Closed agusmakmun closed 2 months ago
This is a postgresql configuration issue and not related to this project.
max_connections
But the problem is, this case is not happening in Django 3.2, and only appear after migrated to Django 4.
Any different between the versions? I check at the CONN_MAX_AGE
using the same 60s value.
If that is the problem, why don't you report it as such?
show max_connections ;
query to find out. I'm using the django channels for websocket connection, and upgrading to these pacakges.

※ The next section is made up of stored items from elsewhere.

theorem mainTheorem9:
  fixes \<epsilon> :: real and l :: nat
  assumes "\<epsilon> > 0" and "l \<ge> 2"
  shows "\<exists>t0::nat. \<forall>t\<ge>t0. \<exists>c::real. c > 0 \<and>
    (\<forall>m n :: nat. 0 < m \<and> m \<le> n \<longrightarrow>
      (odd l \<longrightarrow> real (z_theta m n t l) \<ge>
          c * real m powr ((real l + 1) / (2 * real l) - \<epsilon>)
            * real n powr ((real l + 1) / (2 * real l) - \<epsilon>)) \<and>
      (even l \<longrightarrow> real (z_theta m n t l) \<ge>
          c * real m powr (1/2 + 1 / real l - \<epsilon>) * real n powr (1/2 - \<epsilon>)))"
proof (intro exI[of _ "nat \<lceil>(2 + \<epsilon>) / \<epsilon>\<rceil> + 1"] allI impI exI[of _ "1/8"] conjI)
  fix t m n :: nat
  assume t: "nat \<lceil>(2 + \<epsilon>) / \<epsilon>\<rceil> + 1 \<le> t" and mn: "0 < m \<and> m \<le> n"
  have large: "2 + \<epsilon> \<le> \<epsilon> * real (t * l)"
    using two_plus_le_mult_of_ceiling_le[OF assms(1) _ t] assms(2) by simp
  have t1: "1 \<le> t" and mn': "1 \<le> m" "m \<le> n" using t mn by auto
  show "1/8 * real m powr ((real l + 1) / (2 * real l) - \<epsilon>)
      * real n powr ((real l + 1) / (2 * real l) - \<epsilon>) \<le> z_theta m n t l" if "odd l"
  proof -
    have "l = 2 * (l div 2) + 1" "1 \<le> l div 2" using that assms(2) by (auto elim!: oddE)
    from z_theta_odd_lower_bound[OF this t1 assms(1) large mn'] show ?thesis by simp
  qed
  show "1/8 * real m powr (1/2 + 1 / real l - \<epsilon>) * real n powr (1/2 - \<epsilon>) \<le> z_theta m n t l"
    if "even l"
  proof -
    have "l = 2 * (l div 2 - 1) + 2" using that assms(2) by (auto elim!: evenE)
    from z_theta_even_lower_bound[OF this t1 assms(1) large mn'] show ?thesis by simp
  qed
qed simp

end
lemma wl1_bregman_ge_tail:
  assumes \<kappa>_nonneg: "\<And>l. l \<in> \<Lambda> \<Longrightarrow> 0 \<le> \<kappa> l" and subgrad: "\<eta> \<in> subdiff (wl1 \<Lambda> \<phi> \<kappa>) v"
    and F: "finite F" "F \<subseteq> \<Lambda> - Omega \<Lambda> \<phi> \<kappa> \<eta>"
  shows "ereal (m_eta \<Lambda> \<phi> \<kappa> \<eta> * (\<Sum>l\<in>F. \<bar>\<phi> l \<bullet> (u - v)\<bar>)) \<le> bregman (wl1 \<Lambda> \<phi> \<kappa>) \<eta> u v"
proof -
  have \<eta>_le: "\<And>l. l \<in> \<Lambda> \<Longrightarrow> \<bar>\<phi> l \<bullet> \<eta>\<bar> \<le> \<kappa> l"
    by (rule subdiff_wl1_coeff_le[OF \<kappa>_nonneg subgrad])
  have "m_eta \<Lambda> \<phi> \<kappa> \<eta> * \<bar>\<phi> l \<bullet> (u - v)\<bar> \<le> \<kappa> l * \<bar>\<phi> l \<bullet> u\<bar> - (\<phi> l \<bullet> \<eta>) * (\<phi> l \<bullet> u)"
    if l: "l \<in> F" for l
  proof -
    have "l \<in> \<Lambda> - Omega \<Lambda> \<phi> \<kappa> \<eta>"
      using l F(2) by auto
    then have "\<phi> l \<bullet> (u - v) = \<phi> l \<bullet> u" and "m_eta \<Lambda> \<phi> \<kappa> \<eta> \<le> \<kappa> l - \<bar>\<phi> l \<bullet> \<eta>\<bar>"
      using subdiff_wl1_coeff_eq_zero[OF \<kappa>_nonneg subgrad] \<eta>_le
      by (auto simp: inner_diff_right intro: m_eta_le)
    moreover have "(\<phi> l \<bullet> \<eta>) * (\<phi> l \<bullet> u) \<le> \<bar>\<phi> l \<bullet> \<eta>\<bar> * \<bar>\<phi> l \<bullet> u\<bar>"
      by (metis abs_ge_self abs_mult)
    ultimately show ?thesis
      using mult_right_mono[of "m_eta \<Lambda> \<phi> \<kappa> \<eta>" "\<kappa> l - \<bar>\<phi> l \<bullet> \<eta>\<bar>" "\<bar>\<phi> l \<bullet> u\<bar>"]
      by (simp add: algebra_simps)
  qed
  then have "ereal (m_eta \<Lambda> \<phi> \<kappa> \<eta> * (\<Sum>l\<in>F. \<bar>\<phi> l \<bullet> (u - v)\<bar>))
      \<le> ereal (\<Sum>l\<in>F. \<kappa> l * \<bar>\<phi> l \<bullet> u\<bar> - (\<phi> l \<bullet> \<eta>) * (\<phi> l \<bullet> u))"
    by (simp add: sum_distrib_left sum_mono)
  also have "\<dots> \<le> bregman (wl1 \<Lambda> \<phi> \<kappa>) \<eta> u v"
    using F(2) by (intro wl1_bregman_ge_partial_sum[OF \<kappa>_nonneg subgrad F(1)]) auto
  finally show ?thesis .
qed

lemma wl1_tail_sum_le:
  assumes a: "a > 0" "\<And>l. l \<in> \<Lambda> \<Longrightarrow> a \<le> \<kappa> l" and subgrad: "\<eta> \<in> subdiff (wl1 \<Lambda> \<phi> \<kappa>) v"
    and bregman_le: "bregman (wl1 \<Lambda> \<phi> \<kappa>) \<eta> u v \<le> ereal b"
    and F: "finite F" "F \<subseteq> \<Lambda> - Omega \<Lambda> \<phi> \<kappa> \<eta>"
  shows "(\<Sum>l\<in>F. \<bar>\<phi> l \<bullet> (u - v)\<bar>) \<le> (if \<Lambda> = Omega \<Lambda> \<phi> \<kappa> \<eta> then 0 else b / m_eta \<Lambda> \<phi> \<kappa> \<eta>)"
proof (cases "\<Lambda> = Omega \<Lambda> \<phi> \<kappa> \<eta>")
  case True
  then show ?thesis
    using F(2) by simp
next
  case False
  have \<kappa>_nonneg: "\<And>l. l \<in> \<Lambda> \<Longrightarrow> 0 \<le> \<kappa> l"
    using a by force
  have "m_eta \<Lambda> \<phi> \<kappa> \<eta> > 0"
    using m_eta_pos[OF a subdiff_wl1_coeff_le[OF \<kappa>_nonneg subgrad] False] .
  moreover have "m_eta \<Lambda> \<phi> \<kappa> \<eta> * (\<Sum>l\<in>F. \<bar>\<phi> l \<bullet> (u - v)\<bar>) \<le> b"
    using order_trans[OF wl1_bregman_ge_tail[OF \<kappa>_nonneg subgrad F, of u] bregman_le] by simp
  ultimately show ?thesis
    using False by (simp add: pos_le_divide_eq mult.commute)
qed

lemma norm_le_finite_part_and_tail:
  fixes A :: "'a \<Rightarrow> 'b::real_inner"
  assumes complete: "closure (span (\<phi> ` \<Lambda>)) = UNIV"
    and \<Omega>: "finite \<Omega>" "\<Omega> \<subseteq> \<Lambda>" and A: "bounded_linear A" "inj_on A (span (\<phi> ` \<Omega>))"
    and Ah: "norm (A h) \<le> \<beta>"
    and tail: "\<And>F. finite F \<Longrightarrow> F \<subseteq> \<Lambda> - \<Omega> \<Longrightarrow> (\<Sum>l\<in>F. \<bar>\<phi> l \<bullet> h\<bar>) \<le> B"
  shows "norm h \<le> inv_opnorm A (span (\<phi> ` \<Omega>)) * (\<beta> + onorm A * B) + B"
proof -
  interpret A: bounded_linear A by fact
  define P where "P = (\<Sum>l\<in>\<Omega>. (\<phi> l \<bullet> h) *\<^sub>R \<phi> l)"
  define g where "g = h - P"
  have "P \<in> span (\<phi> ` \<Omega>)"
    unfolding P_def by (intro span_sum span_mul span_base) auto
  then have P: "norm P \<le> inv_opnorm A (span (\<phi> ` \<Omega>)) * norm (A P)"
    and ai: "0 \<le> inv_opnorm A (span (\<phi> ` \<Omega>))"
    using inv_opnorm_bound[OF A.linear finite_imageI[OF \<Omega>(1), of \<phi>] A(2)] by auto
  have g_coeff: "\<phi> l \<bullet> g = (if l \<in> \<Omega> then 0 else \<phi> l \<bullet> h)" if "l \<in> \<Lambda>" for l
    using inner_sum_basis[OF \<Omega> that, of "\<lambda>l. \<phi> l \<bullet> h"] by (simp add: g_def P_def inner_diff_right)
  have g: "norm g \<le> B"
  proof (rule norm_le_coefficient_sums[OF complete])
    fix F assume F: "finite F" "F \<subseteq> \<Lambda>"
    have "(\<Sum>l\<in>F. \<bar>\<phi> l \<bullet> g\<bar>) = (\<Sum>l\<in>F - \<Omega>. \<bar>\<phi> l \<bullet> h\<bar>)"
      using F g_coeff by (intro sum.mono_neutral_cong_right) auto
    also have "\<dots> \<le> B"
      using F by (intro tail) auto
    finally show "(\<Sum>l\<in>F. \<bar>\<phi> l \<bullet> g\<bar>) \<le> B" .
  qed
  have "norm (A P) \<le> \<beta> + onorm A * B"
    using norm_triangle_ineq4[of "A h" "A g"] onorm[OF A(1), of g] Ah
      mult_left_mono[OF g onorm_pos_le[OF A(1)]]
    by (simp add: g_def A.diff)
  then have "norm P \<le> inv_opnorm A (span (\<phi> ` \<Omega>)) * (\<beta> + onorm A * B)"
    using P ai by (meson mult_left_mono order_trans)
  moreover have "norm h \<le> norm P + norm g"
    using norm_triangle_ineq[of P g] by (simp add: g_def)
  ultimately show ?thesis
    using g by linarith
qed

lemma norm_diff_le_d_const:
  fixes A :: "'a \<Rightarrow> 'b::real_inner"
  assumes complete: "closure (span (\<phi> ` \<Lambda>)) = UNIV"
    and a: "a > 0" "\<And>l. l \<in> \<Lambda> \<Longrightarrow> a \<le> \<kappa> l" and subgrad: "\<eta> \<in> subdiff (wl1 \<Lambda> \<phi> \<kappa>) v"
    and A: "bounded_linear A" "inj_on A (span (\<phi> ` Omega \<Lambda> \<phi> \<kappa> \<eta>))"
    and bregman_le: "bregman (wl1 \<Lambda> \<phi> \<kappa>) \<eta> u v \<le> ereal (c_const C N * \<delta>)"
    and residual: "norm (A (u - v)) \<le> 2 * \<delta> * (1 + C * N)"
  shows "norm (u - v) \<le> d_const C N (inv_opnorm A (span (\<phi> ` Omega \<Lambda> \<phi> \<kappa> \<eta>))) (onorm A)
    (\<Lambda> = Omega \<Lambda> \<phi> \<kappa> \<eta>) (m_eta \<Lambda> \<phi> \<kappa> \<eta>) * \<delta>"
proof -
  define \<Omega> B where "\<Omega> = Omega \<Lambda> \<phi> \<kappa> \<eta>"
    and "B = (if \<Lambda> = \<Omega> then 0 else c_const C N * \<delta> / m_eta \<Lambda> \<phi> \<kappa> \<eta>)"
  have "finite \<Omega>" "\<Omega> \<subseteq> \<Lambda>"
    using finite_Omega[OF a] by (auto simp: \<Omega>_def Omega_def)
  moreover have "(\<Sum>l\<in>F. \<bar>\<phi> l \<bullet> (u - v)\<bar>) \<le> B" if "finite F" "F \<subseteq> \<Lambda> - \<Omega>" for F
    using wl1_tail_sum_le[OF a subgrad bregman_le] that by (simp add: B_def \<Omega>_def)
  ultimately have "norm (u - v) \<le> inv_opnorm A (span (\<phi> ` \<Omega>)) * (2 * \<delta> * (1 + C * N) + onorm A * B) + B"
    using A residual by (intro norm_le_finite_part_and_tail[OF complete]) (auto simp: \<Omega>_def)
  also have "\<dots> = d_const C N (inv_opnorm A (span (\<phi> ` \<Omega>))) (onorm A) (\<Lambda> = \<Omega>) (m_eta \<Lambda> \<phi> \<kappa> \<eta>) * \<delta>"
    by (simp add: B_def d_const_def algebra_simps add_divide_distrib)
  finally show ?thesis
    by (simp add: \<Omega>_def)
qed

end

lemma bregman_nonneg:
  assumes "\<xi> \<in> subdiff F z0" "\<bar>F z0\<bar> \<noteq> \<infinity>"
  shows "0 \<le> bregman F \<xi> z z0"
proof -
  have "F z0 + ereal (\<xi> \<bullet> (z - z0)) \<le> F z"
    using assms(1) unfolding subdiff_def by blast
  then show ?thesis
    using assms(2) by (cases "F z0"; cases "F z") (auto simp: bregman_def)
qed

lemma bregman_add_compose:
  fixes W :: "'a::{real_inner,complete_space} \<Rightarrow> 'b::real_inner"
  assumes W: "bounded_linear W"
    and F: "\<bar>F z0\<bar> \<noteq> \<infinity>" "F z \<noteq> -\<infinity>" and G: "\<bar>G (W z0)\<bar> \<noteq> \<infinity>" "G (W z) \<noteq> -\<infinity>"
  shows "bregman (\<lambda>x. F x + G (W x)) (\<xi> + adjoint W \<eta>) z z0
    = bregman F \<xi> z z0 + bregman G \<eta> (W z) (W z0)"
proof -
  have "(\<xi> + adjoint W \<eta>) \<bullet> (z - z0) = \<xi> \<bullet> (z - z0) + W (z - z0) \<bullet> \<eta>"
    using adjoint_inner[OF W, of "z - z0" \<eta>] by (simp add: inner_add_left inner_add_right inner_commute)
  also have "W (z - z0) \<bullet> \<eta> = \<eta> \<bullet> (W z - W z0)"
    by (simp add: inner_commute linear_diff[OF bounded_linear.linear[OF W]])
  finally have "(\<xi> + adjoint W \<eta>) \<bullet> (z - z0) = \<xi> \<bullet> (z - z0) + \<eta> \<bullet> (W z - W z0)" .
  then show ?thesis
    using F G by (cases "F z0"; cases "F z"; cases "G (W z0)"; cases "G (W z)") (auto simp: bregman_def)
qed

lemma bregman_add_compose_le:
  fixes W :: "'a::{real_inner,complete_space} \<Rightarrow> 'b::real_inner"
  assumes W: "bounded_linear W"
    and F: "\<xi> \<in> subdiff F z0" "\<bar>F z0\<bar> \<noteq> \<infinity>" "F z \<noteq> -\<infinity>"
    and G: "\<eta> \<in> subdiff G (W z0)" "\<bar>G (W z0)\<bar> \<noteq> \<infinity>" "G (W z) \<noteq> -\<infinity>"
    and le: "bregman (\<lambda>x. F x + G (W x)) (\<xi> + adjoint W \<eta>) z z0 \<le> ereal b"
  shows "bregman F \<xi> z z0 \<le> ereal b" and "bregman G \<eta> (W z) (W z0) \<le> ereal b"
proof -
  have "bregman F \<xi> z z0 + bregman G \<eta> (W z) (W z0) \<le> ereal b"
    using le bregman_add_compose[OF W F(2,3) G(2,3)] by simp
  moreover have "0 \<le> bregman F \<xi> z z0" "0 \<le> bregman G \<eta> (W z) (W z0)"
    using bregman_nonneg[OF F(1,2)] bregman_nonneg[OF G(1,2)] by auto
  ultimately show "bregman F \<xi> z z0 \<le> ereal b" and "bregman G \<eta> (W z) (W z0) \<le> ereal b"
    by (metis add_increasing add_increasing2 order_refl order_trans)+
qed

lemma tikhonov_quadratic_estimate:
  fixes r e \<delta> C N D L :: real
  assumes "0 \<le> r" "0 \<le> e" "e \<le> \<delta>" "0 < C" "0 < \<delta>" "0 \<le> N" "0 \<le> D"
    and ineq: "r\<^sup>2 / 2 + C * \<delta> * D \<le> e\<^sup>2 / 2 + C * \<delta> * L" and L: "L \<le> N * (r + e)"
  shows "D \<le> c_const C N * \<delta>" and "r + e \<le> 2 * \<delta> * (1 + C * N)"
proof -
  define \<alpha> where "\<alpha> = C * \<delta>"
  have "\<alpha> > 0"
    using assms by (simp add: \<alpha>_def)
  have "\<alpha> * L \<le> \<alpha> * (N * (r + e))"
    using L \<open>\<alpha> > 0\<close> by simp
  \<comment> \<open>Completing the square in \<open>r\<close>.\<close>
  have sq: "\<alpha> * D + (r - \<alpha> * N)\<^sup>2 / 2 \<le> (e + \<alpha> * N)\<^sup>2 / 2"
  proof -
    have "(r - \<alpha> * N)\<^sup>2 / 2 = r\<^sup>2 / 2 - \<alpha> * N * r + (\<alpha> * N)\<^sup>2 / 2"
      and "(e + \<alpha> * N)\<^sup>2 / 2 = e\<^sup>2 / 2 + \<alpha> * N * e + (\<alpha> * N)\<^sup>2 / 2"
      and "\<alpha> * (N * (r + e)) = \<alpha> * N * r + \<alpha> * N * e"
      by (simp_all add: power2_eq_square field_simps)
    then show ?thesis
      using ineq[folded \<alpha>_def] \<open>\<alpha> * L \<le> \<alpha> * (N * (r + e))\<close> by linarith
  qed
  have "(e + \<alpha> * N)\<^sup>2 \<le> (\<delta> + \<alpha> * N)\<^sup>2"
    using assms \<open>\<alpha> > 0\<close> by (intro power_mono) auto
  moreover have "(\<delta> + \<alpha> * N)\<^sup>2 / 2 = \<alpha> * (c_const C N * \<delta>)"
    using assms by (simp add: \<alpha>_def c_const_def power2_eq_square field_simps)
  ultimately have "\<alpha> * D \<le> \<alpha> * (c_const C N * \<delta>)"
    using sq zero_le_power2[of "r - \<alpha> * N"] by linarith
  then show "D \<le> c_const C N * \<delta>"
    using \<open>\<alpha> > 0\<close> by simp
  have "0 \<le> \<alpha> * D"
    using \<open>\<alpha> > 0\<close> assms(7) by simp
  then have sq': "(r - \<alpha> * N)\<^sup>2 \<le> (e + \<alpha> * N)\<^sup>2"
    using sq by linarith
  have "0 \<le> \<alpha> * N"
    using \<open>\<alpha> > 0\<close> \<open>0 \<le> N\<close> by simp
  then have "r - \<alpha> * N \<le> e + \<alpha> * N"
    using power2_le_imp_le[OF sq'] \<open>0 \<le> e\<close> by linarith
  moreover have "2 * \<delta> * (1 + C * N) = 2 * \<delta> + 2 * (\<alpha> * N)"
    by (simp add: \<alpha>_def algebra_simps)
  ultimately show "r + e \<le> 2 * \<delta> * (1 + C * N)"
    using \<open>e \<le> \<delta>\<close> by linarith
qed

django==4.2.11 # pyup: < 5.0 # https://www.djangoproject.com/
# Django Async
channels==4.1.0 # https://github.com/django/channels/
channels-redis==4.2.0 # https://github.com/django/channels_redis/
# asgi_redis (async to sync)
asgiref==3.8.1 # https://github.com/django/asgiref/
For max_connections
is 100 as default from Postgres 12.
Did you use async before Django 4?
I'm only using async in the websocket things, and celery tasks to cleanup the sandbox machines.
max_connections
isn't related to your project, so do you use your database for more projects? Increasing max_connections to 400 would be a simple solution
nope, I'm using a single application but setup using k8s.
12 workers as I manually config in compose/production/django/start
exec /usr/local/bin/gunicorn config.asgi --bind 0.0.0.0:5000 --chdir=/app -k uvicorn.workers.UvicornWorker --workers=${UVICORN_TOTAL_OF_WORKERS:=12}
I'm not sure of it, but we're using single pod of celeryworker.
kubectl --kubeconfig=.vscode/development/kubeconfig get pods
NAME READY STATUS RESTARTS AGE
celerybeat-7dccfd8965-mbjt9 2/2 Running 0 4h31m
celeryworker-fc7d59c8c-9bgcv 2/2 Running 0 4h31m
django-5d54d9ddbf-dmpk6 2/2 Running 0 4h31m
flower-78c4b8f74f-8h8hx 2/2 Running 0 4h31m
next-849ff6c88b-95tgn 1/1 Running 0 4h31m
websocket-768b6cd964-gj9j4 2/2 Running 0 4h31m
Yup, we're using uvicorn workers as in above.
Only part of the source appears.